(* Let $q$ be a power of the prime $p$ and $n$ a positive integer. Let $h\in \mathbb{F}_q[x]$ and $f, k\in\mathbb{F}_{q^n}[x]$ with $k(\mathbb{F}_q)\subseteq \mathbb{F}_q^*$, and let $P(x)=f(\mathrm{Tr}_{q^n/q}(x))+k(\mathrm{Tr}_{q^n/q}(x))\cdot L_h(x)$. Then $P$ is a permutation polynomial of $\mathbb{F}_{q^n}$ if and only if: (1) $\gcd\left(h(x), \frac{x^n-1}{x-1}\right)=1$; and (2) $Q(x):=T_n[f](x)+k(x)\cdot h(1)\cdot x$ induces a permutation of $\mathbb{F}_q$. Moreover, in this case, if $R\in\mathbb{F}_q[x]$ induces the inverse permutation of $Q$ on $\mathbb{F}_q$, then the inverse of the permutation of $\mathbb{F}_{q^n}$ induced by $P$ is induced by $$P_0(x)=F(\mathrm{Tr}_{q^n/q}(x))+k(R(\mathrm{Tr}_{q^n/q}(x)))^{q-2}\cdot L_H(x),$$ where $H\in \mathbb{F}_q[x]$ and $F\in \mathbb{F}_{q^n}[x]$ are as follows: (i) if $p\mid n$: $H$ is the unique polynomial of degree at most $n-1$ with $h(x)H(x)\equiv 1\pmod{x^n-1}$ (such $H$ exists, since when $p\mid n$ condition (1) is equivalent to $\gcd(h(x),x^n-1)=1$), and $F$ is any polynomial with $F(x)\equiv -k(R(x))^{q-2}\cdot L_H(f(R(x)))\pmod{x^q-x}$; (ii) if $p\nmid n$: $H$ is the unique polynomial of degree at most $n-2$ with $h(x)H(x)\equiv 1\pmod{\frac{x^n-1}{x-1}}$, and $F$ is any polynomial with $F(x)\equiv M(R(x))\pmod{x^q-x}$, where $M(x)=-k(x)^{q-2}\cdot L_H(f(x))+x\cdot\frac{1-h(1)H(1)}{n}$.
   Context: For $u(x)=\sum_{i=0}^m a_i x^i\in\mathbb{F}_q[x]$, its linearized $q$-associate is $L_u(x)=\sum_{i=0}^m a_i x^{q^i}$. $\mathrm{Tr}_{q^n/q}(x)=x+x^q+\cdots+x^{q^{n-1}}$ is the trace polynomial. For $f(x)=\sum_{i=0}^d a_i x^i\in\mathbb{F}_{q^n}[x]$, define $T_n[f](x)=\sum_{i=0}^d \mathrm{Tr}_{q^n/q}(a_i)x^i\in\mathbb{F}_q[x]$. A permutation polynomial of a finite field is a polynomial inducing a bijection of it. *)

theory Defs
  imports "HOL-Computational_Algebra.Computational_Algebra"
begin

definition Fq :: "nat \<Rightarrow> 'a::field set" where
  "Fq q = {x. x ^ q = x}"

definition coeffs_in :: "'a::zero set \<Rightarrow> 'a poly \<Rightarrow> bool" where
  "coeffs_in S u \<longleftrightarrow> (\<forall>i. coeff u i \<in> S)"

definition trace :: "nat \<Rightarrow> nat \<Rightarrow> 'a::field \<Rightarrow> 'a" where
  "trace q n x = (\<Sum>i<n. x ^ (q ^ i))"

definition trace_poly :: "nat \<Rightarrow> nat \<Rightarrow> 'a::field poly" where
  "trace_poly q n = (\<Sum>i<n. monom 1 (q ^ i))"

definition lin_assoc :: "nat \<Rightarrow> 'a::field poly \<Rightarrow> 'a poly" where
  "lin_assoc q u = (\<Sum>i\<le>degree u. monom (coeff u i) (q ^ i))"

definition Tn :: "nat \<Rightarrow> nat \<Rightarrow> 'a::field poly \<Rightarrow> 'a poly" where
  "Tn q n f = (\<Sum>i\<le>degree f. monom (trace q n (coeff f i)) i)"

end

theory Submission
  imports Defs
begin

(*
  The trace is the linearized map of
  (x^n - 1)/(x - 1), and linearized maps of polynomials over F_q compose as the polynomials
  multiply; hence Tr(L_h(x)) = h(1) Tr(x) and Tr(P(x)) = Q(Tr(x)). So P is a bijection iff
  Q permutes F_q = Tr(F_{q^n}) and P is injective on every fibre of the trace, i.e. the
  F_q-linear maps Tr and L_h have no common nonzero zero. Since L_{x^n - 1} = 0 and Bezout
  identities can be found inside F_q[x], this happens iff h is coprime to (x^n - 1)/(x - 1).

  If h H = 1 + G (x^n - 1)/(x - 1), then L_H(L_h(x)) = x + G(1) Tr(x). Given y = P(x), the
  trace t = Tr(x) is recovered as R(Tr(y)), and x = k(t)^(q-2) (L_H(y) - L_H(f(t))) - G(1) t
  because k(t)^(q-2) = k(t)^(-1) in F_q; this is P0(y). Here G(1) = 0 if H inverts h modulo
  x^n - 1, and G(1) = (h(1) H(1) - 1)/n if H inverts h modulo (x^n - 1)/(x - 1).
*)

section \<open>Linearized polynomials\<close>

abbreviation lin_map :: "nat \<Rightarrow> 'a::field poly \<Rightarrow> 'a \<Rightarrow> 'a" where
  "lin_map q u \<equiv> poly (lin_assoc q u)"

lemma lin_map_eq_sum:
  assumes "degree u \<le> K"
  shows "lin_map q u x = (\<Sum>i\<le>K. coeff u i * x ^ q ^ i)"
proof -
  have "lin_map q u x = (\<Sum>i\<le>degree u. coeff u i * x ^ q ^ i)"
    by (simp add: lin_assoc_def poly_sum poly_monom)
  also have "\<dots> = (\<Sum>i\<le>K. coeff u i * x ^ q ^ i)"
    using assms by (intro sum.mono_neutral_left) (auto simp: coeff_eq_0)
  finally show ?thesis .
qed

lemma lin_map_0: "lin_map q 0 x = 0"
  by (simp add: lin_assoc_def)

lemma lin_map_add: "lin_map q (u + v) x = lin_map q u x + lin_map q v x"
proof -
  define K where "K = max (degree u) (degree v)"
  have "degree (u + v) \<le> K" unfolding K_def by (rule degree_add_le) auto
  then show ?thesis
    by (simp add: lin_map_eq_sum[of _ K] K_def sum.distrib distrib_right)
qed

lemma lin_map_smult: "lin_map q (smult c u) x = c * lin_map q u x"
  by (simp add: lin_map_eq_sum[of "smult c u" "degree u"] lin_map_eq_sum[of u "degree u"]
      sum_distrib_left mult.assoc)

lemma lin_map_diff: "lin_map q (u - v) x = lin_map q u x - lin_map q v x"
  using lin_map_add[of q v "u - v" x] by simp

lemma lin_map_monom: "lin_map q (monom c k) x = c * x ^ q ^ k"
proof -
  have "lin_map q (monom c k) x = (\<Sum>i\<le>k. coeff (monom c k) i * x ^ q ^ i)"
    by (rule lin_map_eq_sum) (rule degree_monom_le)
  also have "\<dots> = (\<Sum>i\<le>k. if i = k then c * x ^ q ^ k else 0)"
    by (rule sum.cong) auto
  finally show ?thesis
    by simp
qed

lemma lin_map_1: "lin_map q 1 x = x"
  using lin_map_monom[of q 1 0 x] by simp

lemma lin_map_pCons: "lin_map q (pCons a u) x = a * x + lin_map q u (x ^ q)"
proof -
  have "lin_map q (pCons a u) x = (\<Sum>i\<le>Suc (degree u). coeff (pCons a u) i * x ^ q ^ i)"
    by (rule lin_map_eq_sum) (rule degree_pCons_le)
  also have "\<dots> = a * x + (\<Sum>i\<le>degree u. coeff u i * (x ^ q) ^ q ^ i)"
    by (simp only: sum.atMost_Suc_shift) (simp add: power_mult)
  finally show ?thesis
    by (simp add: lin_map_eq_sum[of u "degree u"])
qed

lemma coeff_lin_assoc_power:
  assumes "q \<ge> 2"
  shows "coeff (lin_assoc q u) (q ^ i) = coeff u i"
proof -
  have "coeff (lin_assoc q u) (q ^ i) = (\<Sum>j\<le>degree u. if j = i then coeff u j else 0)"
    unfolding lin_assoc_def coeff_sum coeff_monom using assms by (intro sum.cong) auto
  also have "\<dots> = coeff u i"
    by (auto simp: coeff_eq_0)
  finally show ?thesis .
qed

######

YOUR INSTRUCTIONS
Out of the data above, give again only the lines starting at the one holding "trace t = Tr(x)" and ending at the one holding "x^n - 1, and", unchanged.

ANSWER TO THIS TASK
  trace t = Tr(x) is recovered as R(Tr(y)), and x = k(t)^(q-2) (L_H(y) - L_H(f(t))) - G(1) t
  because k(t)^(q-2) = k(t)^(-1) in F_q; this is P0(y). Here G(1) = 0 if H inverts h modulo
  x^n - 1, and G(1) = (h(1) H(1) - 1)/n if H inverts h modulo (x^n - 1)/(x - 1).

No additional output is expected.